**Problem:**
Wherever the string "section" turns up in the data, copy the whole line.
━━━ Given data ━━━
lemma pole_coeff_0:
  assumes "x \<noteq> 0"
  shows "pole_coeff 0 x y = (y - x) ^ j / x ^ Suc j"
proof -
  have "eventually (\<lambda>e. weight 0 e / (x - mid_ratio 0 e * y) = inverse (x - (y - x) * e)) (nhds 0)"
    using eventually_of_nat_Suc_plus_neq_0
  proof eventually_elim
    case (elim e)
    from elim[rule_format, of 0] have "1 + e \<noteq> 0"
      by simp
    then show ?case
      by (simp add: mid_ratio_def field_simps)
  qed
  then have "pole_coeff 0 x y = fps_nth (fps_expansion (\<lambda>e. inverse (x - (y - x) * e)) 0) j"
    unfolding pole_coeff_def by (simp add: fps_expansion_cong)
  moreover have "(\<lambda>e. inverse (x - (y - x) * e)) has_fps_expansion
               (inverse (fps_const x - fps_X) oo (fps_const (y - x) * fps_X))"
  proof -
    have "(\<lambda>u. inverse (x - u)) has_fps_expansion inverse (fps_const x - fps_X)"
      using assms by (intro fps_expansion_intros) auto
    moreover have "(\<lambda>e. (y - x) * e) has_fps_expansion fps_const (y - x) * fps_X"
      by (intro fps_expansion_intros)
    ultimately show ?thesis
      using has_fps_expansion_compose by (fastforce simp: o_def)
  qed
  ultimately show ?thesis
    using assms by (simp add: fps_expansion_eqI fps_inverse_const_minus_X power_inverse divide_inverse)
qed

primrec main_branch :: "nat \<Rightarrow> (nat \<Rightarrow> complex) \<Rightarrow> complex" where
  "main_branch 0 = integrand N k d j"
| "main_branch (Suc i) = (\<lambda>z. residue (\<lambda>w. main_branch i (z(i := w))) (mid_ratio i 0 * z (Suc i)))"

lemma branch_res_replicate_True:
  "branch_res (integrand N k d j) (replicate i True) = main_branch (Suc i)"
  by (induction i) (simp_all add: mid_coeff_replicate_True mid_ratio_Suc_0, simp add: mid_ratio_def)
━━━
━━━ Given data ━━━
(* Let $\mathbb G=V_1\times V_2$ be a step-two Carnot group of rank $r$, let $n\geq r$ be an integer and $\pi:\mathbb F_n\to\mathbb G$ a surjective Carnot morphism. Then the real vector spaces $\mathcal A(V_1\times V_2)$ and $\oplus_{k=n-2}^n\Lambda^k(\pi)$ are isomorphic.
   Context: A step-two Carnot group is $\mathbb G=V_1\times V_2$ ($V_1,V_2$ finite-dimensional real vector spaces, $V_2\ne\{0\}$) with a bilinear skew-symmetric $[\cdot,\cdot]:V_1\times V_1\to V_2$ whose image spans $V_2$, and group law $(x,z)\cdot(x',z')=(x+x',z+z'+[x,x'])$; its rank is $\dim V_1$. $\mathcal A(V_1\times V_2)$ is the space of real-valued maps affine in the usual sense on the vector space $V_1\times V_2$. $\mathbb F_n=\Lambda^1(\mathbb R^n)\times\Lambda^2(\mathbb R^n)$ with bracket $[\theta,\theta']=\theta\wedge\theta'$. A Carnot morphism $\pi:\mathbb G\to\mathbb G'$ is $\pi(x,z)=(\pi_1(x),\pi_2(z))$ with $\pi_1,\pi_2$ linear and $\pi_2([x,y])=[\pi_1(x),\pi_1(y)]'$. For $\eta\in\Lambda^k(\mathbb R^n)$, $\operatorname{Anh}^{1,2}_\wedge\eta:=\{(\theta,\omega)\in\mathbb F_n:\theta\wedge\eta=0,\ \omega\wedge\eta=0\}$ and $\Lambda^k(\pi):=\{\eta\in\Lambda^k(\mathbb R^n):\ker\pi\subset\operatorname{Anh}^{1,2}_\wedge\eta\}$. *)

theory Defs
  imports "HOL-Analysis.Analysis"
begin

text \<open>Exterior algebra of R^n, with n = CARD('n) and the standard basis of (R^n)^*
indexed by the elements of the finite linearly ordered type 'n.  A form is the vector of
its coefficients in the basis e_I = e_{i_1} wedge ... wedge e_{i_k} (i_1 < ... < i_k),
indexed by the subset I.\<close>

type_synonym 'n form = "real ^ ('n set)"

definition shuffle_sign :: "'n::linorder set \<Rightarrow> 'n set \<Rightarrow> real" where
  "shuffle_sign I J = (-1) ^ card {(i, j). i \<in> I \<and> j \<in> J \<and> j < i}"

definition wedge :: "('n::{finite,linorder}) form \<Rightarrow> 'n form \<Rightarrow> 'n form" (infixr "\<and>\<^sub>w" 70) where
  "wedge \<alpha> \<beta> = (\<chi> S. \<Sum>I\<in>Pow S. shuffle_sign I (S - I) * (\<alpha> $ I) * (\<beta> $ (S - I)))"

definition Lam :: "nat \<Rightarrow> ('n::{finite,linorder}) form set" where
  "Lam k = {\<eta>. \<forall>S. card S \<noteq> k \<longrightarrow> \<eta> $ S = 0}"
━━━
━━━ Given data ━━━
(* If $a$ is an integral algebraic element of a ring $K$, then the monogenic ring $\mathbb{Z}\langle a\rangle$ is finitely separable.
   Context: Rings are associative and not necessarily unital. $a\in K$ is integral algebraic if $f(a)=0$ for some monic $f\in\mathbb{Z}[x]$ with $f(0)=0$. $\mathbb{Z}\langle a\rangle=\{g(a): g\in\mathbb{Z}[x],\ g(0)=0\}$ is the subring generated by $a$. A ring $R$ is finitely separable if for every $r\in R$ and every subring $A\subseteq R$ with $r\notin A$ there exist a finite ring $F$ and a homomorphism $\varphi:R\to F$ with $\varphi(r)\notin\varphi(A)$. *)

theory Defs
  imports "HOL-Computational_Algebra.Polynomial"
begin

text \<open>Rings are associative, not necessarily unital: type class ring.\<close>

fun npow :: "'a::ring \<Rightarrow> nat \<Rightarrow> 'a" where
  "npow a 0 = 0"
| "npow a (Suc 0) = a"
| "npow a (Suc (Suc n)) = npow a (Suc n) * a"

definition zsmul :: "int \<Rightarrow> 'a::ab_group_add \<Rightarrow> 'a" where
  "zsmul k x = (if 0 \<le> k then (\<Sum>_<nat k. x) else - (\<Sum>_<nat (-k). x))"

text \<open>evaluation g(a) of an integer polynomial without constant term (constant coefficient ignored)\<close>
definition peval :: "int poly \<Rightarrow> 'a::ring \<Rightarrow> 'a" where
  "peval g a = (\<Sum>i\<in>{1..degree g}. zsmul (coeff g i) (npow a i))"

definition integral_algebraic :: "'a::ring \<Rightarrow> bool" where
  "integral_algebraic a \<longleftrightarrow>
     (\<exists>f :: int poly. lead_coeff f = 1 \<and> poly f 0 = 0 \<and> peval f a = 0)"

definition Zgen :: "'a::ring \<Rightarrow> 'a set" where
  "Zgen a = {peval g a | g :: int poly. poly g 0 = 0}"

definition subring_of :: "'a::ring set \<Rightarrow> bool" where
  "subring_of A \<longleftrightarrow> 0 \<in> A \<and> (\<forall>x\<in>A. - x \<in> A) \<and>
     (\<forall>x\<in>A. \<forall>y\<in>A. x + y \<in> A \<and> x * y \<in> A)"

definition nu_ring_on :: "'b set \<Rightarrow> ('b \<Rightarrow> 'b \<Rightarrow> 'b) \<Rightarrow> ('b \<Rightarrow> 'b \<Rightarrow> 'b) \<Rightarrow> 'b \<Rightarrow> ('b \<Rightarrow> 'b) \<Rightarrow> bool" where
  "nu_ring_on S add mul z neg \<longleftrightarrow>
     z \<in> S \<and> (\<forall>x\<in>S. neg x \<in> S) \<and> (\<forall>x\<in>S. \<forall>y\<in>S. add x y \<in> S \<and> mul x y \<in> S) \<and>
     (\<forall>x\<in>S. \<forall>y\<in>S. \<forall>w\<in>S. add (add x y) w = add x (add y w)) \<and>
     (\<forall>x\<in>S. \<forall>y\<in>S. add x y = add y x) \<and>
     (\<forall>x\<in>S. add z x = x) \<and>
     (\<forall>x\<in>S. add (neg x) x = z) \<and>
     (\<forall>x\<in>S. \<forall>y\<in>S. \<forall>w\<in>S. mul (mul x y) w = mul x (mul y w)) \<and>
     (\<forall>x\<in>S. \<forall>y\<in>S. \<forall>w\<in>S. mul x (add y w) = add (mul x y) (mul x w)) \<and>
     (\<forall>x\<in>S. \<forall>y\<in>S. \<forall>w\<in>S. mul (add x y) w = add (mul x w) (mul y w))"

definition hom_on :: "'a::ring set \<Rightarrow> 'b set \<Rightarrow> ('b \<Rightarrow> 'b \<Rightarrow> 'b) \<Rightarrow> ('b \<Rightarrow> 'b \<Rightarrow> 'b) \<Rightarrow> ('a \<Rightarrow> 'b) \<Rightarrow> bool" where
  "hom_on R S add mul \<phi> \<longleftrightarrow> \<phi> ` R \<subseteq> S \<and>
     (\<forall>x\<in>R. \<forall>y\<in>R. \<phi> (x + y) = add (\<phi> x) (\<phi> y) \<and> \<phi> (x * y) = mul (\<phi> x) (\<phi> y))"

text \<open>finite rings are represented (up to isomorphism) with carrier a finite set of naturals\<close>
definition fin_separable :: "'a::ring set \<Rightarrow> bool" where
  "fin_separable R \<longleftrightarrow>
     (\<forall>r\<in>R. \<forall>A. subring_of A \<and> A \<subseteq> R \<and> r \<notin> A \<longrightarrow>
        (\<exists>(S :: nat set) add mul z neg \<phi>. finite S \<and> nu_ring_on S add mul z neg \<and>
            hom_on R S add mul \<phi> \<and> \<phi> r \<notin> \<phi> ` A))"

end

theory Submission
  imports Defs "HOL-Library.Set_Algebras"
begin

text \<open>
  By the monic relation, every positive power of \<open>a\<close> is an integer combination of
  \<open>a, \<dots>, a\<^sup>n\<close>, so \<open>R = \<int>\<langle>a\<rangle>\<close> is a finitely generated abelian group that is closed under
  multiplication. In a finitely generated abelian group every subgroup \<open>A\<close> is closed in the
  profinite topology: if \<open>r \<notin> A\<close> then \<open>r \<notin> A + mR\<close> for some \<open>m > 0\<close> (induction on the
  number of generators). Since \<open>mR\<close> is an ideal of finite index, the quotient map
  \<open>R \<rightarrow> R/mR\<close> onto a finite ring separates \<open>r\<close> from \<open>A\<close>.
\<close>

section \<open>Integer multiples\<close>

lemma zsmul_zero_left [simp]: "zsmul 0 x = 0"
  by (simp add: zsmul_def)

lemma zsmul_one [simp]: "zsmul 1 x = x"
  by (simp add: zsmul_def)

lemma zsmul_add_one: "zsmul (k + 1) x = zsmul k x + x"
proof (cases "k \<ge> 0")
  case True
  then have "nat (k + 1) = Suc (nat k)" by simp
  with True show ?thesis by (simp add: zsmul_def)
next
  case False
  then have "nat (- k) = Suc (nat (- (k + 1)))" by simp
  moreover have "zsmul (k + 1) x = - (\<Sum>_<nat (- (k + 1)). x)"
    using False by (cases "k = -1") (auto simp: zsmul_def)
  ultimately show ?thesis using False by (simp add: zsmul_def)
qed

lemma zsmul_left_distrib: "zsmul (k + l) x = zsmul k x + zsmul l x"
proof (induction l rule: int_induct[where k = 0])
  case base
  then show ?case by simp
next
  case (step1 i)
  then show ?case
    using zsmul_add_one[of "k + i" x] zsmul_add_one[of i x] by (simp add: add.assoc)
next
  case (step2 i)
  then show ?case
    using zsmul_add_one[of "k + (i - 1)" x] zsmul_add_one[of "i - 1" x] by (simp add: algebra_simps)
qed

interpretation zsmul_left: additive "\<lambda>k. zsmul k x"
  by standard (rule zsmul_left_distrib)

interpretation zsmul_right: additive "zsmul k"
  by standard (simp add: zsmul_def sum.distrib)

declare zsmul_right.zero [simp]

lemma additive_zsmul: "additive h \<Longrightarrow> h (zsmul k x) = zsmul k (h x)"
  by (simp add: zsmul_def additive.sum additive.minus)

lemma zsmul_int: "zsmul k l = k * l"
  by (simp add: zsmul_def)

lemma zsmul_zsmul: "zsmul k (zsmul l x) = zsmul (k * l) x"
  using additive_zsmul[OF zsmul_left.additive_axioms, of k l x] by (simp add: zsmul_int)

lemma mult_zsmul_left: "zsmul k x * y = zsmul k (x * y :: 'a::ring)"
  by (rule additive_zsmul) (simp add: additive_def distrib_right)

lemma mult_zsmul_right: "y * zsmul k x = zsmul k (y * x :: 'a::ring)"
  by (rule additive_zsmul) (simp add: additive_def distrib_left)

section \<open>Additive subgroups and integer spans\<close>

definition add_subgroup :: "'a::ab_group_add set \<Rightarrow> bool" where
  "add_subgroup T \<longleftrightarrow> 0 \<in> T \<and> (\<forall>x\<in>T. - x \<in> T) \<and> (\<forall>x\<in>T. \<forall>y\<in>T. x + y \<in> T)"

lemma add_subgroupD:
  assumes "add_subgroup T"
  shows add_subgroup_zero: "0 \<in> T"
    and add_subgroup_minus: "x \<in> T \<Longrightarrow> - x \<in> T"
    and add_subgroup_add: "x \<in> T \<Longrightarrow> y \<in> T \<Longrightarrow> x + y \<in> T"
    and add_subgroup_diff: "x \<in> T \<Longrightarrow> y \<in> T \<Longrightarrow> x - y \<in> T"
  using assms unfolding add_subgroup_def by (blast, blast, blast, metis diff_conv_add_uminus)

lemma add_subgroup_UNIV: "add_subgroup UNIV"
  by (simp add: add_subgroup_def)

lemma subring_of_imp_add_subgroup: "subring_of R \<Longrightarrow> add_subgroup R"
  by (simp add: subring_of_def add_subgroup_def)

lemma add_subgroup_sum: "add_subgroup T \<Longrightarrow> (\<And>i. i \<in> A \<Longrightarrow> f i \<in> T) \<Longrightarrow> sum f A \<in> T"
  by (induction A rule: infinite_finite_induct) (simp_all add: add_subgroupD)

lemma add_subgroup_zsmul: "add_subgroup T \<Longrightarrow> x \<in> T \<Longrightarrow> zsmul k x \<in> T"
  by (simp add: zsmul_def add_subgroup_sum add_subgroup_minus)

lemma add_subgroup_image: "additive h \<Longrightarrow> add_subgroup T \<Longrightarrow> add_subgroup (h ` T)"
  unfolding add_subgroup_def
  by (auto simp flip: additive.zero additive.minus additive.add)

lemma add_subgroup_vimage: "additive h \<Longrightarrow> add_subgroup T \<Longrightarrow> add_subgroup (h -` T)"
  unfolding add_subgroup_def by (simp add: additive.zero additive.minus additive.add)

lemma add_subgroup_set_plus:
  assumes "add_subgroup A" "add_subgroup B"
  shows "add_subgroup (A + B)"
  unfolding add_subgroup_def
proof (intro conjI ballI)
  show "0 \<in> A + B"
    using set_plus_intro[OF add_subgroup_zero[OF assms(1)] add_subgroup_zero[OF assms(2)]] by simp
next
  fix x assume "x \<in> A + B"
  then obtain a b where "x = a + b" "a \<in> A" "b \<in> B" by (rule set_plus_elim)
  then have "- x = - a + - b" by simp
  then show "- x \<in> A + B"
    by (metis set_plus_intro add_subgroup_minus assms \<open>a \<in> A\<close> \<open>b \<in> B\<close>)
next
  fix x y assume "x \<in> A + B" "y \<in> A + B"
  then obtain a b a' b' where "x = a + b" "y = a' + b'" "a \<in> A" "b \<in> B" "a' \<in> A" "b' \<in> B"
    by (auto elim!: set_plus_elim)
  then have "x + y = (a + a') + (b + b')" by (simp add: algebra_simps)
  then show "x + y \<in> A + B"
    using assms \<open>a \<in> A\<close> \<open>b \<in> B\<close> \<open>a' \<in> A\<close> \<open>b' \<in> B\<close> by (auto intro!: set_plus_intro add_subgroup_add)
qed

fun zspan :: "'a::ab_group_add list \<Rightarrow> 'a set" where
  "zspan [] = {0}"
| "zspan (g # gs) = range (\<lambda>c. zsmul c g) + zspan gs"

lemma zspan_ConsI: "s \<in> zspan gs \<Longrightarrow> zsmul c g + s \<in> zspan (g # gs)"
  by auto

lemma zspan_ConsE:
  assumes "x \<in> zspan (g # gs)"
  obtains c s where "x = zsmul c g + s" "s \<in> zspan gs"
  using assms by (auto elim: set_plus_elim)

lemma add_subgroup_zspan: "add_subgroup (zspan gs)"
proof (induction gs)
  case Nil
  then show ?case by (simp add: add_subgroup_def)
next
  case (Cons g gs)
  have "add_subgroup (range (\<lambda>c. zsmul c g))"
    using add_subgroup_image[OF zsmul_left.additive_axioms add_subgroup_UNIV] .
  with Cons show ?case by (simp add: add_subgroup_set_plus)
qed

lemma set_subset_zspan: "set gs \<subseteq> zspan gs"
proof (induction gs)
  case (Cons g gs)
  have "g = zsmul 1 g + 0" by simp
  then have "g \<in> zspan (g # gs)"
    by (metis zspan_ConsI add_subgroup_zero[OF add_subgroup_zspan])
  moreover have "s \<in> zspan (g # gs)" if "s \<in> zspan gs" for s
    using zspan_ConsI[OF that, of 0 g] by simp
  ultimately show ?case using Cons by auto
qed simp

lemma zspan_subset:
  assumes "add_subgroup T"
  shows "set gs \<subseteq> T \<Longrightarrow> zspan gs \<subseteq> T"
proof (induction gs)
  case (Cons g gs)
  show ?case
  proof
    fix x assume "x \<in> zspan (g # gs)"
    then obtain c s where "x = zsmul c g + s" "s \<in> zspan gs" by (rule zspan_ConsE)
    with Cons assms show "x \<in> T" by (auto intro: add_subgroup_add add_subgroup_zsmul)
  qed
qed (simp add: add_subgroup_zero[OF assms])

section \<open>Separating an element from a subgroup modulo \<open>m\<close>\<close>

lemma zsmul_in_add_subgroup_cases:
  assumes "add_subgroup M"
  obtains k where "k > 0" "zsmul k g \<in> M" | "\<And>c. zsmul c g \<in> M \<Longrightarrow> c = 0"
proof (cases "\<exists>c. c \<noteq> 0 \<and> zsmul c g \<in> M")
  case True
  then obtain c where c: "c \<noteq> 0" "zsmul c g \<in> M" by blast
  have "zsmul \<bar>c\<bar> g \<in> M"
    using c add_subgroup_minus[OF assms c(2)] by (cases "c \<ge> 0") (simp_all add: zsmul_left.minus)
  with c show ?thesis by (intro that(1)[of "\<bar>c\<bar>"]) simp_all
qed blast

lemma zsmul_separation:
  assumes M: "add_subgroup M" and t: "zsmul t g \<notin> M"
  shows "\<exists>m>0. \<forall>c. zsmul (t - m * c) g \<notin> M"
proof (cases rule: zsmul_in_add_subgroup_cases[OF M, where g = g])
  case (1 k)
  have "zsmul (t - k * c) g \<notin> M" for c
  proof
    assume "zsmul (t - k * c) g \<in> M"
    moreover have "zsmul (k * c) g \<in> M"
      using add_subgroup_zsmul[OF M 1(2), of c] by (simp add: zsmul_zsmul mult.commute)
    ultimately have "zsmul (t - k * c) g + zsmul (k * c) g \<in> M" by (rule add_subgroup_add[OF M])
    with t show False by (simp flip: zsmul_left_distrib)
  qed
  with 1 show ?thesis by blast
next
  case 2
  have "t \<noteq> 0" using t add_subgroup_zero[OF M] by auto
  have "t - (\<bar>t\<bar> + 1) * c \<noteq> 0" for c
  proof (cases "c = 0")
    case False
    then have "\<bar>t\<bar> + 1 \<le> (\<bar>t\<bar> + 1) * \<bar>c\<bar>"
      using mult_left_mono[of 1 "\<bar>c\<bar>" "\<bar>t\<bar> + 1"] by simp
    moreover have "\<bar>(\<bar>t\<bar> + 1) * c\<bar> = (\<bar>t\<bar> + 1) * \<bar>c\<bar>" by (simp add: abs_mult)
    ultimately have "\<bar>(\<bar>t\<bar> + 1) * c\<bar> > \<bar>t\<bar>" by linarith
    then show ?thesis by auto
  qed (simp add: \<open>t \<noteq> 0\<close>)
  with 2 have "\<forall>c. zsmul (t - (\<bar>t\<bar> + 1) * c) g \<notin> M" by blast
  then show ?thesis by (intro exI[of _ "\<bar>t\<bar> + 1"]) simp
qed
━━━
**Output for this exercise:**
section \<open>Integer multiples\<close>
section \<open>Additive subgroups and integer spans\<close>
section \<open>Separating an element from a subgroup modulo \<open>m\<close>\<close>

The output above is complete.